> **WORK REQUIRED**
Using the records below, give again exactly the lines from the line that contains "unfolding w'_def using" through the line that contains "then obtain w'", both ends included, and only those.

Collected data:

lemma runs_concat:
  assumes "runs M c (concat ws) c'"
  obtains C where "\<And>b. b < length ws \<Longrightarrow> runs M (C b) (ws ! b) (C (Suc b))"
    and "\<And>b. b \<le> length ws \<Longrightarrow> runs M c (concat (take b ws)) (C b)"
    and "\<And>b. b \<le> length ws \<Longrightarrow> runs M (C b) (concat (drop b ws)) c'"
proof -
  have "\<exists>C. (\<forall>b<length ws. runs M (C b) (ws ! b) (C (Suc b)))
    \<and> (\<forall>b\<le>length ws.
          runs M c (concat (take b ws)) (C b) \<and> runs M (C b) (concat (drop b ws)) c')"
    using assms
  proof (induction ws arbitrary: c)
    case Nil
    then show ?case by (auto intro!: exI[of _ "\<lambda>_. c"] runs_Nil)
  next
    case (Cons u ws)
    then obtain c1 where head: "runs M c u c1" and rest: "runs M c1 (concat ws) c'"
      using runs_append_split[of M c u "concat ws" c'] by auto
    from Cons.IH[OF rest] obtain C where
      blocks: "\<forall>b<length ws. runs M (C b) (ws ! b) (C (Suc b))" and
      splits: "\<forall>b\<le>length ws.
          runs M c1 (concat (take b ws)) (C b) \<and> runs M (C b) (concat (drop b ws)) c'"
      by blast
    have "C 0 = c1"
      using splits[rule_format, of 0] by (auto elim: runs_NilE)
    define C' where "C' = case_nat c C"
    have "runs M (C' b) ((u # ws) ! b) (C' (Suc b))" if "b < length (u # ws)" for b
    proof (cases b)
      case 0
      then show ?thesis using head \<open>C 0 = c1\<close> by (simp add: C'_def)
    next
      case (Suc b')
      then show ?thesis using that blocks by (simp add: C'_def)
    qed
    moreover have "runs M c (concat (take b (u # ws))) (C' b)
        \<and> runs M (C' b) (concat (drop b (u # ws))) c'" if "b \<le> length (u # ws)" for b
    proof (cases b)
      case 0
      then show ?thesis using Cons.prems by (simp add: C'_def runs_Nil)
    next
      case (Suc b')
      then show ?thesis
        using that splits head by (simp add: C'_def runs_append_intro)
    qed
    ultimately show ?case
      by blast
  qed
  then show thesis
    using that by blast
qed

lemma accepts_transpose_suffix:
  assumes "runs M (init M, \<lambda>_. {}) u c" and "runs M c v cf" and "fst cf \<in> final M"
    and "\<forall>i. d \<in> snd c i \<longleftrightarrow> e \<in> snd c i"
  shows "accepts M (u @ map (apsnd (transpose d e)) v)"
proof -
  have "runs M (fst c, \<lambda>i. transpose d e ` snd c i) (map (apsnd (transpose d e)) v)
      (fst cf, \<lambda>i. transpose d e ` snd cf i)"
    using runs_rename[OF assms(2) inj_transpose] .
  moreover have "(fst c, \<lambda>i. transpose d e ` snd c i) = c"
    using assms(4) by simp
  ultimately show ?thesis
    using assms(1,3) unfolding accepts_def by (metis runs_append_intro fst_conv)
qed

definition profile :: "(nat \<Rightarrow> 'd set) \<Rightarrow> 'd \<Rightarrow> nat set" where
  "profile S d = {i. d \<in> S i}"

lemma profile_subset_nsets:
  assumes "wf_safa M Sig" and "runs M (init M, \<lambda>_. {}) w c"
  shows "profile (snd c) d \<subseteq> {..<nsets M}"
proof
  fix i
  assume "i \<in> profile (snd c) d"
  then show "i \<in> {..<nsets M}"
    using runs_set_unchanged_beyond_nsets[OF assms(1) _ assms(2), of i]
    by (cases "nsets M \<le> i") (auto simp: profile_def)
qed

definition block :: "(nat \<Rightarrow> 'd) \<Rightarrow> nat \<Rightarrow> 'a \<Rightarrow> ('a \<times> 'd) list" where
  "block f N a = map (\<lambda>r. (a, f r)) [0..<N]"

lemma accepts_repeated_datum:
  fixes f :: "nat \<Rightarrow> 'd" and a :: 'a
  assumes "inj f" and "l < m" and "m < N"
    and "runs M (init M, \<lambda>_. {}) u c" and "runs M c (block f N a) c'"
    and "runs M c' v cf" and "fst cf \<in> final M"
    and "profile (snd c) (f m) = profile (snd c') (f l)"
  shows "\<exists>w' :: ('a \<times> 'd) list. accepts M w' \<and> map fst w' = map fst (u @ block f N a @ v)
    \<and> \<not> distinct (map snd (filter (\<lambda>x. fst x = a) w'))"
proof -
  define pre suf
    where "pre = map (\<lambda>r. (a, f r)) [0..<m]" and "suf = map (\<lambda>r. (a, f r)) [m..<N]"
  have "block f N a = pre @ suf"
    using upt_add_eq_append[of 0 m "N - m"] assms(3) by (simp add: block_def pre_def suf_def)
  with assms(5) obtain cm where pre_run: "runs M c pre cm" and suf_run: "runs M cm suf c'"
    using runs_append_split by metis
  have "f m \<notin> snd ` set pre" "f l \<notin> snd ` set suf"
    using assms(1,2) by (auto simp: pre_def suf_def inj_eq)
  then have "f m \<in> snd cm i \<longleftrightarrow> f m \<in> snd c i" "f l \<in> snd c' i \<longleftrightarrow> f l \<in> snd cm i" for i
    using runs_mem_iff_unread[OF pre_run] runs_mem_iff_unread[OF suf_run] by auto
  then have indist: "\<forall>i. f l \<in> snd cm i \<longleftrightarrow> f m \<in> snd cm i"
    using assms(8) by (auto simp: profile_def set_eq_iff)
  define w' where "w' = (u @ pre) @ map (apsnd (transpose (f l) (f m))) (suf @ v)"
  have "accepts M w'"
    unfolding w'_def using assms(4,6,7) pre_run suf_run indist
    by (blast intro: accepts_transpose_suffix runs_append_intro)
  moreover have "map fst w' = map fst (u @ block f N a @ v)"
    using \<open>block f N a = pre @ suf\<close> by (simp add: w'_def comp_def)
  moreover have "\<not> distinct (map snd (filter (\<lambda>x. fst x = a) w'))"
  proof -
    let ?P = "\<lambda>x. fst x = a" and ?\<tau> = "apsnd (transpose (f l) (f m))"
    have "f l \<in> set (map snd (filter ?P (u @ pre)))"
      using assms(2) by (force simp: pre_def)
    moreover have "suf = (a, f m) # map (\<lambda>r. (a, f r)) [Suc m..<N]"
      using assms(3) by (simp add: suf_def upt_conv_Cons)
    then have "map snd (filter ?P w') = map snd (filter ?P (u @ pre))
        @ f l # map snd (filter ?P (map ?\<tau> (map (\<lambda>r. (a, f r)) [Suc m..<N] @ v)))"
      by (simp add: w'_def)
    ultimately show ?thesis
      by (metis distinct_append disjoint_iff list.set_intros(1))
  qed
  ultimately show ?thesis
    by blast
qed

lemma profile_grows_across_block:
  fixes f :: "nat \<Rightarrow> 'd" and M :: "('q, nat) safa"
  assumes "lang M Sig \<subseteq> (L k :: (nat \<times> 'd) list set)"
    and "set (map fst (u @ block f N j @ v)) \<subseteq> Sig"
    and "j \<in> {1..k+1}" and "inj f" and "l < m" and "m < N"
    and "runs M (init M, \<lambda>_. {}) u c" and "runs M c (block f N j) c'"
    and "runs M c' v cf" and "fst cf \<in> final M"
    and "profile (snd c) (f l) = profile (snd c) (f m)"
  shows "profile (snd c) (f l) \<subset> profile (snd c') (f l)"
proof
  show "profile (snd c) (f l) \<subseteq> profile (snd c') (f l)"
    using runs_sets_mono[OF assms(8)] by (auto simp: profile_def)
  show "profile (snd c) (f l) \<noteq> profile (snd c') (f l)"
  proof
    assume "profile (snd c) (f l) = profile (snd c') (f l)"
    then obtain w' :: "(nat \<times> 'd) list" where "accepts M w'"
      and attrs: "map fst w' = map fst (u @ block f N j @ v)"
      and "\<not> distinct (map snd (filter (\<lambda>x. fst x = j) w'))"
      using accepts_repeated_datum[OF assms(4-10)] assms(11) by metis
    moreover have "set (map fst w') \<subseteq> Sig"
      unfolding attrs by (fact assms(2))
    ultimately have "w' \<in> L k"
      using assms(1) unfolding lang_def by blast
    with \<open>\<not> distinct (map snd (filter (\<lambda>x. fst x = j) w'))\<close> show False
      using assms(3) unfolding L_def by blast
  qed
qed

lemma psubset_chain_length_le_card:
  assumes "\<And>b. b < n \<Longrightarrow> A b \<subset> A (Suc b)" and "A n \<subseteq> B" and "finite B"
  shows "n \<le> card B"
proof -
  have "n \<le> card (A n)" if "finite (A n)"
    using assms(1) that
  proof (induction n)
    case 0
    then show ?case by simp
  next
    case (Suc n)
    then have "A n \<subset> A (Suc n)"
      by simp
    with Suc.prems(2) have "finite (A n)" and "card (A n) < card (A (Suc n))"
      by (auto intro: psubset_card_mono finite_subset)
    with Suc show ?case
      by simp
  qed
  also have "card (A n) \<le> card B"
    using assms(2,3) by (rule card_mono[rotated])
  finally show ?thesis
    using assms(2,3) finite_subset by blast
qed

lemma filter_block:
  "filter (\<lambda>x. fst x = j) (block f N a) = (if a = j then block f N j else [])"
  by (simp add: block_def filter_map comp_def)

lemma concat_blocks_in_L:
  fixes f :: "nat \<Rightarrow> 'd"
  assumes "inj f"
  shows "concat (map (block f N) [1..<k+2]) \<in> L k"
proof -
  define n where "n = k + 2"
  let ?w = "concat (map (block f N) [1..<n])"
  have attrs: "map fst ?w = concat (map (\<lambda>j. replicate N j) [1..<n])"
    by (simp add: block_def map_concat comp_def map_replicate_const)
  have "sorted (concat (map (\<lambda>j. replicate N j) [1..<n']))" for n'
    by (induction n') (auto simp: sorted_append)
  then have "sorted (map fst ?w)"
    unfolding attrs .
  moreover have "set (map fst ?w) \<subseteq> {1..k+1}"
    unfolding attrs by (auto simp: n_def)
  moreover have "distinct (map snd (filter (\<lambda>x. fst x = j) ?w))" if "j \<in> {1..k+1}" for j
  proof -
    let ?g = "\<lambda>a. if a = j then block f N j else []"
    have "filter (\<lambda>x. fst x = j) ?w = concat (map ?g ([1..<j] @ j # [Suc j..<n]))"
      using that upt_add_eq_append[of 1 j "n - j"]
      by (simp add: n_def filter_concat filter_block comp_def upt_conv_Cons)
    moreover have "concat (map ?g [1..<j]) = []" and "concat (map ?g [Suc j..<n]) = []"
      by (auto simp: concat_eq_Nil_conv)
    ultimately have "filter (\<lambda>x. fst x = j) ?w = block f N j"
      by simp
    then show ?thesis
      using inj_on_subset[OF assms subset_UNIV] by (simp add: block_def comp_def distinct_map)
  qed
  ultimately show ?thesis
    unfolding L_def n_def by blast
qed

> **RESULT**
    unfolding w'_def using assms(4,6,7) pre_run suf_run indist
    by (blast intro: accepts_transpose_suffix runs_append_intro)
  moreover have "map fst w' = map fst (u @ block f N a @ v)"
    using \<open>block f N a = pre @ suf\<close> by (simp add: w'_def comp_def)
  moreover have "\<not> distinct (map snd (filter (\<lambda>x. fst x = a) w'))"
  proof -
    let ?P = "\<lambda>x. fst x = a" and ?\<tau> = "apsnd (transpose (f l) (f m))"
    have "f l \<in> set (map snd (filter ?P (u @ pre)))"
      using assms(2) by (force simp: pre_def)
    moreover have "suf = (a, f m) # map (\<lambda>r. (a, f r)) [Suc m..<N]"
      using assms(3) by (simp add: suf_def upt_conv_Cons)
    then have "map snd (filter ?P w') = map snd (filter ?P (u @ pre))
        @ f l # map snd (filter ?P (map ?\<tau> (map (\<lambda>r. (a, f r)) [Suc m..<N] @ v)))"
      by (simp add: w'_def)
    ultimately show ?thesis
      by (metis distinct_append disjoint_iff list.set_intros(1))
  qed
  ultimately show ?thesis
    by blast
qed

lemma profile_grows_across_block:
  fixes f :: "nat \<Rightarrow> 'd" and M :: "('q, nat) safa"
  assumes "lang M Sig \<subseteq> (L k :: (nat \<times> 'd) list set)"
    and "set (map fst (u @ block f N j @ v)) \<subseteq> Sig"
    and "j \<in> {1..k+1}" and "inj f" and "l < m" and "m < N"
    and "runs M (init M, \<lambda>_. {}) u c" and "runs M c (block f N j) c'"
    and "runs M c' v cf" and "fst cf \<in> final M"
    and "profile (snd c) (f l) = profile (snd c) (f m)"
  shows "profile (snd c) (f l) \<subset> profile (snd c') (f l)"
proof
  show "profile (snd c) (f l) \<subseteq> profile (snd c') (f l)"
    using runs_sets_mono[OF assms(8)] by (auto simp: profile_def)
  show "profile (snd c) (f l) \<noteq> profile (snd c') (f l)"
  proof
    assume "profile (snd c) (f l) = profile (snd c') (f l)"
    then obtain w' :: "(nat \<times> 'd) list" where "accepts M w'"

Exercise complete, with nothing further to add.